Tuesday 1 March 2016

F for Vessence

Six weeks in and this may be becoming a habit!

Fitness
People ask me to help them get 'fit' but what do they really mean?
Fitness has many components, in this email we'll look at it from 5 perspectives.


1. Muscular Strength

What can you lift or carry? How heavy is that shopping bag?

2. Muscular Endurance

Endurance, ah yes we've just looked at that one (last week). This is the ability to keep going, for the muscles to contract time after time for a long time.

3. Cardiovascular Endurance

The ability of your heart and lungs to deliver and keep delivering the fuel and oxygen you need to continue your workout.

4. Flexibility

This one is often forgotten. You may be able to run for miles but can you move easily and bend and stretch without effort? Tomorrow we'll look at how to increase this component.

5. Body Fat Composition

How much fat is in your body? Deposits of fab in and around organs can be dangerous and you might still have thse even though you look slim. Get you body ft checked out - are you skinny or skinny-fat?

And so to 'F'

Fasting
Some religions practise it
Sometimes you have to do it for medical reasons
In truth (unless you get up every few hours during the night) we all do it.

Fasting is taking a break from eating, not just a usual, between meals or 'I'm full' couple of hours break but longer periods.

The 8-10 hours between you last meal in the evening and first the next morning is a period of fasting. It's easier to fast when you're asleep too!

Breakfast is called break fast because you are breaking the imposed (by sleep) nighttime fast period. (In my world breakfast is the first meal of the day, whatever time you have it, it's not always an early morning thing.)

Fasting for longer periods, regularly , say once or wice per week can be a way to get your body to start burning body fat for fuel.  It also works well as a method of reducing calorie intake as long as you don't make up for it on your other meals of course! Some believe it gives your body a rest from constantly digesting and processing food. Allowing it to recover and repair more effectively.

It will not harm you (unless you have a medical condition that precludes fasting - check with your doctor before trying if so), it is natural and your body can cope wth it. As a way to help fat burning and calorie reduction I've personally found it very useful.

Try doing your cardio workout in a fasted state to increase the fat burning effect - it's hard and feels horrible but it works!


Fear - it's stops many of us from doing many things

Fear of failure
Fear of looking silly
Fear of what your friends might say
Fear of taking the first step
Fear of what success might bring

We know, we see it all the time. We help, we support. We feel it too.
Dont be scared - we're here to help. Whether you've never been in the gym before, or never done exercise or you're going for a personal best, we're here for you.

Take a first step by contacting us via our website or facebook - you don't even have to make a call. Fill in the form and we'll take it from there.

Feel the fear and do it anyway!


Fat
Don't call yourself FAT, say you have too much of it perhaps but don't define yourself in terms of a macro nutrient folks!

Anyway, less of that and more of what is it and what is it for!

Well as I said, it's a macro-nutrient along with carbohydrates and proteins.
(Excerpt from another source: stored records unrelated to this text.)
(* Let $k$ be an infinite field and $n\geq 1$. Then the canonical homomorphism $\mathrm{BCr}_n(k)\to\mathrm{Sym}(\mathbb{P}^n(k))$ is injective.
   Context: $\mathrm{BCr}_n(k)$ is the group of birational self-maps $f$ of $\mathbb{P}^n$ over $k$ such that both $f$ and $f^{-1}$ are defined at every point of $\mathbb{P}^n(k)$; the canonical homomorphism sends $f$ to the permutation it induces on $\mathbb{P}^n(k)$. *)

theory Defs
  imports Main "HOL-Library.Poly_Mapping"
begin

text \<open>Polynomials in the variables x_0, x_1, ... over k, as finitely supported maps
  from monomials (exponent vectors nat =>0 nat) to coefficients.\<close>
type_synonym 'k mpol = "(nat \<Rightarrow>\<^sub>0 nat) \<Rightarrow>\<^sub>0 'k"

definition mon_deg :: "(nat \<Rightarrow>\<^sub>0 nat) \<Rightarrow> nat" where
  "mon_deg m = (\<Sum>i\<in>Poly_Mapping.keys m. Poly_Mapping.lookup m i)"

definition mvar :: "nat \<Rightarrow> 'k::comm_ring_1 mpol" where
  "mvar i = Poly_Mapping.single (Poly_Mapping.single i 1) 1"

definition mconst :: "'k::comm_ring_1 \<Rightarrow> 'k mpol" where
  "mconst c = Poly_Mapping.single 0 c"

definition meval :: "'k::comm_ring_1 mpol \<Rightarrow> (nat \<Rightarrow> 'k) \<Rightarrow> 'k" where
  "meval p x = (\<Sum>m\<in>Poly_Mapping.keys p. Poly_Mapping.lookup p m * (\<Prod>i\<in>Poly_Mapping.keys m. x i ^ Poly_Mapping.lookup m i))"

definition msubst :: "'k::comm_ring_1 mpol \<Rightarrow> (nat \<Rightarrow> 'k mpol) \<Rightarrow> 'k mpol" where
  "msubst p g = (\<Sum>m\<in>Poly_Mapping.keys p. mconst (Poly_Mapping.lookup p m) * (\<Prod>i\<in>Poly_Mapping.keys m. g i ^ Poly_Mapping.lookup m i))"

definition homogeneous :: "nat \<Rightarrow> 'k::comm_ring_1 mpol \<Rightarrow> bool" where
  "homogeneous d p \<longleftrightarrow> (\<forall>m\<in>Poly_Mapping.keys p. mon_deg m = d)"

definition mpol_in :: "nat \<Rightarrow> 'k::comm_ring_1 mpol \<Rightarrow> bool" where
  "mpol_in n p \<longleftrightarrow> (\<forall>m\<in>Poly_Mapping.keys p. Poly_Mapping.keys m \<subseteq> {..n})"

text \<open>A representative (F_0 : ... : F_n) of a rational self-map of P^n over k:
  homogeneous polynomials of a common degree in x_0..x_n, not all zero.\<close>
definition hom_tuple :: "nat \<Rightarrow> (nat \<Rightarrow> 'k::comm_ring_1 mpol) \<Rightarrow> bool" where
  "hom_tuple n F \<longleftrightarrow> (\<exists>d. \<forall>i\<le>n. homogeneous d (F i)) \<and> (\<forall>i\<le>n. mpol_in n (F i))
     \<and> (\<exists>i\<le>n. F i \<noteq> 0) \<and> (\<forall>i>n. F i = 0)"

text \<open>Two representatives define the same rational map.\<close>
definition rm_equiv :: "nat \<Rightarrow> (nat \<Rightarrow> 'k::comm_ring_1 mpol) \<Rightarrow> (nat \<Rightarrow> 'k mpol) \<Rightarrow> bool" where
  "rm_equiv n F G \<longleftrightarrow> (\<forall>i\<le>n. \<forall>j\<le>n. F i * G j = F j * G i)"

definition rm_id :: "nat \<Rightarrow> nat \<Rightarrow> 'k::comm_ring_1 mpol" where
  "rm_id n i = (if i \<le> n then mvar i else 0)"

definition rm_comp :: "(nat \<Rightarrow> 'k::comm_ring_1 mpol) \<Rightarrow> (nat \<Rightarrow> 'k mpol) \<Rightarrow> nat \<Rightarrow> 'k mpol" where
  "rm_comp F G i = msubst (F i) G"

definition birational_inverse :: "nat \<Rightarrow> (nat \<Rightarrow> 'k::comm_ring_1 mpol) \<Rightarrow> (nat \<Rightarrow> 'k mpol) \<Rightarrow> bool" where
  "birational_inverse n F G \<longleftrightarrow> hom_tuple n F \<and> hom_tuple n G
     \<and> hom_tuple n (rm_comp F G) \<and> hom_tuple n (rm_comp G F)
     \<and> rm_equiv n (rm_comp G F) (rm_id n) \<and> rm_equiv n (rm_comp F G) (rm_id n)"

text \<open>Points of P^n(k): nonzero vectors (x_0, ..., x_n), coordinates beyond n equal 0.\<close>
definition proj_point :: "nat \<Rightarrow> (nat \<Rightarrow> 'k::field) \<Rightarrow> bool" where
  "proj_point n x \<longleftrightarrow> (\<forall>i>n. x i = 0) \<and> (\<exists>i\<le>n. x i \<noteq> 0)"

definition proj_eq :: "nat \<Rightarrow> (nat \<Rightarrow> 'k::field) \<Rightarrow> (nat \<Rightarrow> 'k) \<Rightarrow> bool" where
  "proj_eq n x y \<longleftrightarrow> (\<exists>c. c \<noteq> 0 \<and> (\<forall>i\<le>n. y i = c * x i))"

definition defined_at :: "nat \<Rightarrow> (nat \<Rightarrow> 'k::field mpol) \<Rightarrow> (nat \<Rightarrow> 'k) \<Rightarrow> bool" where
  "defined_at n F x \<longleftrightarrow> (\<exists>F'. hom_tuple n F' \<and> rm_equiv n F F' \<and> (\<exists>i\<le>n. meval (F' i) x \<noteq> 0))"

definition maps_to :: "nat \<Rightarrow> (nat \<Rightarrow> 'k::field mpol) \<Rightarrow> (nat \<Rightarrow> 'k) \<Rightarrow> (nat \<Rightarrow> 'k) \<Rightarrow> bool" where
  "maps_to n F x y \<longleftrightarrow> (\<exists>F'. hom_tuple n F' \<and> rm_equiv n F F' \<and> (\<exists>i\<le>n. meval (F' i) x \<noteq> 0)
       \<and> proj_eq n (\<lambda>i. meval (F' i) x) y)"

definition BCr :: "nat \<Rightarrow> (nat \<Rightarrow> 'k::field mpol) \<Rightarrow> bool" where
  "BCr n F \<longleftrightarrow> (\<exists>G. birational_inverse n F G
      \<and> (\<forall>x. proj_point n x \<longrightarrow> defined_at n F x)
      \<and> (\<forall>x. proj_point n x \<longrightarrow> defined_at n G x))"

end

theory Submission imports Defs "HOL-Computational_Algebra.Polynomial"
begin

text \<open>Two elements of \<open>BCr\<^sub>n(k)\<close> inducing the same permutation of \<open>P\<^sup>n(k)\<close> have
  proportional value vectors at every point, so every \<open>2 \<times> 2\<close> minor \<open>F\<^sub>i G\<^sub>j - F\<^sub>j G\<^sub>i\<close>
  vanishes on \<open>k\<^sup>n\<^sup>+\<^sup>1 - {0}\<close>.  Over an infinite field such a polynomial is zero: the
  Kronecker substitution \<open>x\<^sub>i \<mapsto> t^(D^i)\<close>, with \<open>D\<close> exceeding every exponent, turns it
  into a univariate polynomial with the same coefficients and infinitely many roots.
  Only the polynomial representatives of \<open>F\<close> and \<open>G\<close> enter.\<close>

definition mon_eval :: "(nat \<Rightarrow>\<^sub>0 nat) \<Rightarrow> (nat \<Rightarrow> 'k::comm_ring_1) \<Rightarrow> 'k" where
  "mon_eval m x = (\<Prod>i\<in>Poly_Mapping.keys m. x i ^ Poly_Mapping.lookup m i)"

lemma mon_eval_eq_prod_superset:
  assumes "finite S" "Poly_Mapping.keys m \<subseteq> S"
  shows "mon_eval m x = (\<Prod>i\<in>S. x i ^ Poly_Mapping.lookup m i)"
  unfolding mon_eval_def
  by (rule prod.mono_neutral_left[OF assms]) (auto simp: in_keys_iff)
You should be ingesting it, you need it to absorb vitamins A, D, E and K. However, fats have the highest number of calories per gram at 9, protein and carbs have 4 in comparison.

Now, before you panic and stop eating fat - remember my first point, you NEED to eat it. Also, unlike carbs it does not produce the spike in insulin that would case the storing of energy as fat...yep, fat does not make you fat.

Like all things, eat fat in moderation and make it the right fats. A little bit of yellow marbling on your steak is going to add to the flavour afterall.


Flexibility
Can you touch your toes without bending your knees?
Can you grab the fingers of one hand with the others, behind your back?

No?
Most of us should be able to.

Maybe you need to work on your flexibility?
It's not just a 'party trick' to be able to place your hands flat on the floor whilst standing but that one may actually save you from some back pain - tight hamstrings can lead to that too.

So how do you get more flexible?

The first answer that might come to mind is to stretch.
However, make sure that you have help to ensure you are stretching correctly,
Or even doing the correct type of stretches (no static holds on cold muscles please),
Do them often,
Progess (may them harder) them.

You could take a stretching class - specific classes do exist (we have one at my gym) or take a Yoga or Pilates class.

Drink more water - yep, lack of hydration can damage your flexibility too so get the water in!

And whilst your in the kitchen filling your glass make sure you eat well too - veggies, fruits, meats and fish.